*TASK TO COMPLETE:* From the records below, extract only the lines running from the line with "l \<le> \<bar>x" to the line with "l\<bar> \<le> ((x", both lines included, reproducing them exactly.

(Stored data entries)
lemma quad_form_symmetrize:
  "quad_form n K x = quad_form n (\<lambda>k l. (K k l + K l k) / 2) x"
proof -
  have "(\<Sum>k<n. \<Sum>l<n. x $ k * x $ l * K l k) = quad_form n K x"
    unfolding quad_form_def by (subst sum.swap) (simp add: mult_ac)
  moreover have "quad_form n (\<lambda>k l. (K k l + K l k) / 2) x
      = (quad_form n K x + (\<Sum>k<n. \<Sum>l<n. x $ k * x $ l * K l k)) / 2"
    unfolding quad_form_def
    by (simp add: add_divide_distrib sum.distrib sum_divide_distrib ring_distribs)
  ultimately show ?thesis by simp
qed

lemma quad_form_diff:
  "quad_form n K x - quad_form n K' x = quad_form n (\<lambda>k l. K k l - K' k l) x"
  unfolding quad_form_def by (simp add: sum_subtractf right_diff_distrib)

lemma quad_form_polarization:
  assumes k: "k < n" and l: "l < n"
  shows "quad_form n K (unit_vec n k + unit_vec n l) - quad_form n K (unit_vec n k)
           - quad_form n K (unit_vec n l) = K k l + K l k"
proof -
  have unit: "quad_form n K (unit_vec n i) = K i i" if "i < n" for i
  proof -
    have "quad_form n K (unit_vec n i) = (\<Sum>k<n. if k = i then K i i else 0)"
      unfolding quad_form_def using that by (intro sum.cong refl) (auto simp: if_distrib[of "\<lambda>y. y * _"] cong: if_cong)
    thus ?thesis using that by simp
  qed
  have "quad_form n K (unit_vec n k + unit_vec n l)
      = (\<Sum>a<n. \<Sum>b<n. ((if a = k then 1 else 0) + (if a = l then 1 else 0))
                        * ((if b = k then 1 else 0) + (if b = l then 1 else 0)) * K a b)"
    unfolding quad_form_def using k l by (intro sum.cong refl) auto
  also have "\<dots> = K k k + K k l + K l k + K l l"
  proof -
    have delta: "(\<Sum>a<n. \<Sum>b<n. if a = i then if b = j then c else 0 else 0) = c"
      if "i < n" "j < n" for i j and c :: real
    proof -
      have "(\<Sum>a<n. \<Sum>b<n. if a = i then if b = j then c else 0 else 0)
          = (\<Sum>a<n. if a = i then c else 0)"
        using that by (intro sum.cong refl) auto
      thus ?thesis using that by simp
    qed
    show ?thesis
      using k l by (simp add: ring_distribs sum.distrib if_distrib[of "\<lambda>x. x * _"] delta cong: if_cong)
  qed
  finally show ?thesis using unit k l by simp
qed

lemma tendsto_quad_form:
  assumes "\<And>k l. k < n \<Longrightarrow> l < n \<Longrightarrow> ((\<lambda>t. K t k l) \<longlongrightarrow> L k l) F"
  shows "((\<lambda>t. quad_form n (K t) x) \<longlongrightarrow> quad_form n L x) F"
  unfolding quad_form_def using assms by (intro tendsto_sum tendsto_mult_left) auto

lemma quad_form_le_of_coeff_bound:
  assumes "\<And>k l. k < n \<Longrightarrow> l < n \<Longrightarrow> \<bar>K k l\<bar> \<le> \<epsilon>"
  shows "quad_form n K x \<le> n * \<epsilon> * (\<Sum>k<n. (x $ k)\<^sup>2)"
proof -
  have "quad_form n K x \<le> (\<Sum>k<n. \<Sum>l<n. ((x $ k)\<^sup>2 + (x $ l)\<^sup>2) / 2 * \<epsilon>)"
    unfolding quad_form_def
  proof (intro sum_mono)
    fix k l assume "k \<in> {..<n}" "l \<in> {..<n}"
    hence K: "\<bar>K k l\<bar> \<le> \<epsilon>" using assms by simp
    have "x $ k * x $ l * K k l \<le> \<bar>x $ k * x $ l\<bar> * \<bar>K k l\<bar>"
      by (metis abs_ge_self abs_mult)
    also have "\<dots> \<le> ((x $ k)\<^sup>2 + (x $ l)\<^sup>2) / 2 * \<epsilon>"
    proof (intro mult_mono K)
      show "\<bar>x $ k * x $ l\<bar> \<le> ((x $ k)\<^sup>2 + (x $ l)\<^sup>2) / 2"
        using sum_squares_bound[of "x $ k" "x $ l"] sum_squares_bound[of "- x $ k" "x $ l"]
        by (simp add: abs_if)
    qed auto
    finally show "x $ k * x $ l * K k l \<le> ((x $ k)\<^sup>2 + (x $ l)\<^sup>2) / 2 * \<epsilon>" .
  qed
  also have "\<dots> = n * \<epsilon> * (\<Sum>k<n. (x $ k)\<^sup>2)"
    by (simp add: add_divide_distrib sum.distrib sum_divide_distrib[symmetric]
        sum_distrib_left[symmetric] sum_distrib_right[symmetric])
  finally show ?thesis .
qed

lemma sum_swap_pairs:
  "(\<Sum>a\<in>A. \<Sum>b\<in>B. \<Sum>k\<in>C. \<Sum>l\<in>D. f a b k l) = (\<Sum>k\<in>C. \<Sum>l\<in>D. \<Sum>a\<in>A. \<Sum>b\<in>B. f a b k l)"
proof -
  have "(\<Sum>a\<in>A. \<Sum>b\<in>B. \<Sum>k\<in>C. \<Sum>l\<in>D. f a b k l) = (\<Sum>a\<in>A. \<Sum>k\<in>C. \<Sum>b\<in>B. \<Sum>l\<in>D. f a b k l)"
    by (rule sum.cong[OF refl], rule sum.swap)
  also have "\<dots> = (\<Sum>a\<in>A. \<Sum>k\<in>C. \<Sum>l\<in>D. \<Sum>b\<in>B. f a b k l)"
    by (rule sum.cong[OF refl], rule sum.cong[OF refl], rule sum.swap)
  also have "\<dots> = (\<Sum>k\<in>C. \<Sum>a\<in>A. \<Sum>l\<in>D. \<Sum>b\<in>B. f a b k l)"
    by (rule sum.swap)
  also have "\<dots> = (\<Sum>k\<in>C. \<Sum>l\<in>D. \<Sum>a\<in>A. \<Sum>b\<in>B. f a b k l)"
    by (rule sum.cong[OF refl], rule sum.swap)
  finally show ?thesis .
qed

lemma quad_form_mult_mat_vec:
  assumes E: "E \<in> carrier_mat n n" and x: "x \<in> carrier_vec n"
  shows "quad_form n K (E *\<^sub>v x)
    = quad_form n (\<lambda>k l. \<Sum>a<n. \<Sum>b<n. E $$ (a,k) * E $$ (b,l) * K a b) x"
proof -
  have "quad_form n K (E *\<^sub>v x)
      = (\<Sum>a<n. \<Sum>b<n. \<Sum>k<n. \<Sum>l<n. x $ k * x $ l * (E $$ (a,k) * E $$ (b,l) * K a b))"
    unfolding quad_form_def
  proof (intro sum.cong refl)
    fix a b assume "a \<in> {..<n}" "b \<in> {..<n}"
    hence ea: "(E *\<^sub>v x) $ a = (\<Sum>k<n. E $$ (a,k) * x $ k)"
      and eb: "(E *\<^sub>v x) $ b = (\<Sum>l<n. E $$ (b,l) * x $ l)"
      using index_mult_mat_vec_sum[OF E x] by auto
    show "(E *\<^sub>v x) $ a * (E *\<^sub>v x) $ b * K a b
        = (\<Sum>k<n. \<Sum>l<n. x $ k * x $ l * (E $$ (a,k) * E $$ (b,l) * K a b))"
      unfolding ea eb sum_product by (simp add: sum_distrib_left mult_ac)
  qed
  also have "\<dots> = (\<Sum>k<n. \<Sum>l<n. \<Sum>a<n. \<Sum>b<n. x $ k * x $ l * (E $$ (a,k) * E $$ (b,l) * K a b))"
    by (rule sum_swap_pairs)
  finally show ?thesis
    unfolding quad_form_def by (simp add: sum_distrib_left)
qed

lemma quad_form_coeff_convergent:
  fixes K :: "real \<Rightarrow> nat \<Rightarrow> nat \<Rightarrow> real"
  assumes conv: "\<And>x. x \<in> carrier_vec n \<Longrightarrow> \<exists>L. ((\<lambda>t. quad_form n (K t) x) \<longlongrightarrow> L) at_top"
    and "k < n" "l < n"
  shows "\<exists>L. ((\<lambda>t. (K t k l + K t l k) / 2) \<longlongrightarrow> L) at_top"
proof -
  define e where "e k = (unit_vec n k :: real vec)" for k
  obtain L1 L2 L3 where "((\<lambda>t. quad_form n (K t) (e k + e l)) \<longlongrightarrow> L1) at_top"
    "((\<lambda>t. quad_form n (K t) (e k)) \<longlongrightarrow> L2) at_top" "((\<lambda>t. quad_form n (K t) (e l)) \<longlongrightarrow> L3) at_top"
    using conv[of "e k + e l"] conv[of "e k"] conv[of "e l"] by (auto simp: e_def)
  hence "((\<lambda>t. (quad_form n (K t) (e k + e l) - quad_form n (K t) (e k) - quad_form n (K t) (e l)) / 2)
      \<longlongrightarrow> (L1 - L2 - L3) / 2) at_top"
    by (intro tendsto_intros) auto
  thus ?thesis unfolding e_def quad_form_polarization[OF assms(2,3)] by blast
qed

*RESPONSE BOX:*
    have "x $ k * x $ l * K k l \<le> \<bar>x $ k * x $ l\<bar> * \<bar>K k l\<bar>"
      by (metis abs_ge_self abs_mult)
    also have "\<dots> \<le> ((x $ k)\<^sup>2 + (x $ l)\<^sup>2) / 2 * \<epsilon>"
    proof (intro mult_mono K)
      show "\<bar>x $ k * x $ l\<bar> \<le> ((x $ k)\<^sup>2 + (x $ l)\<^sup>2) / 2"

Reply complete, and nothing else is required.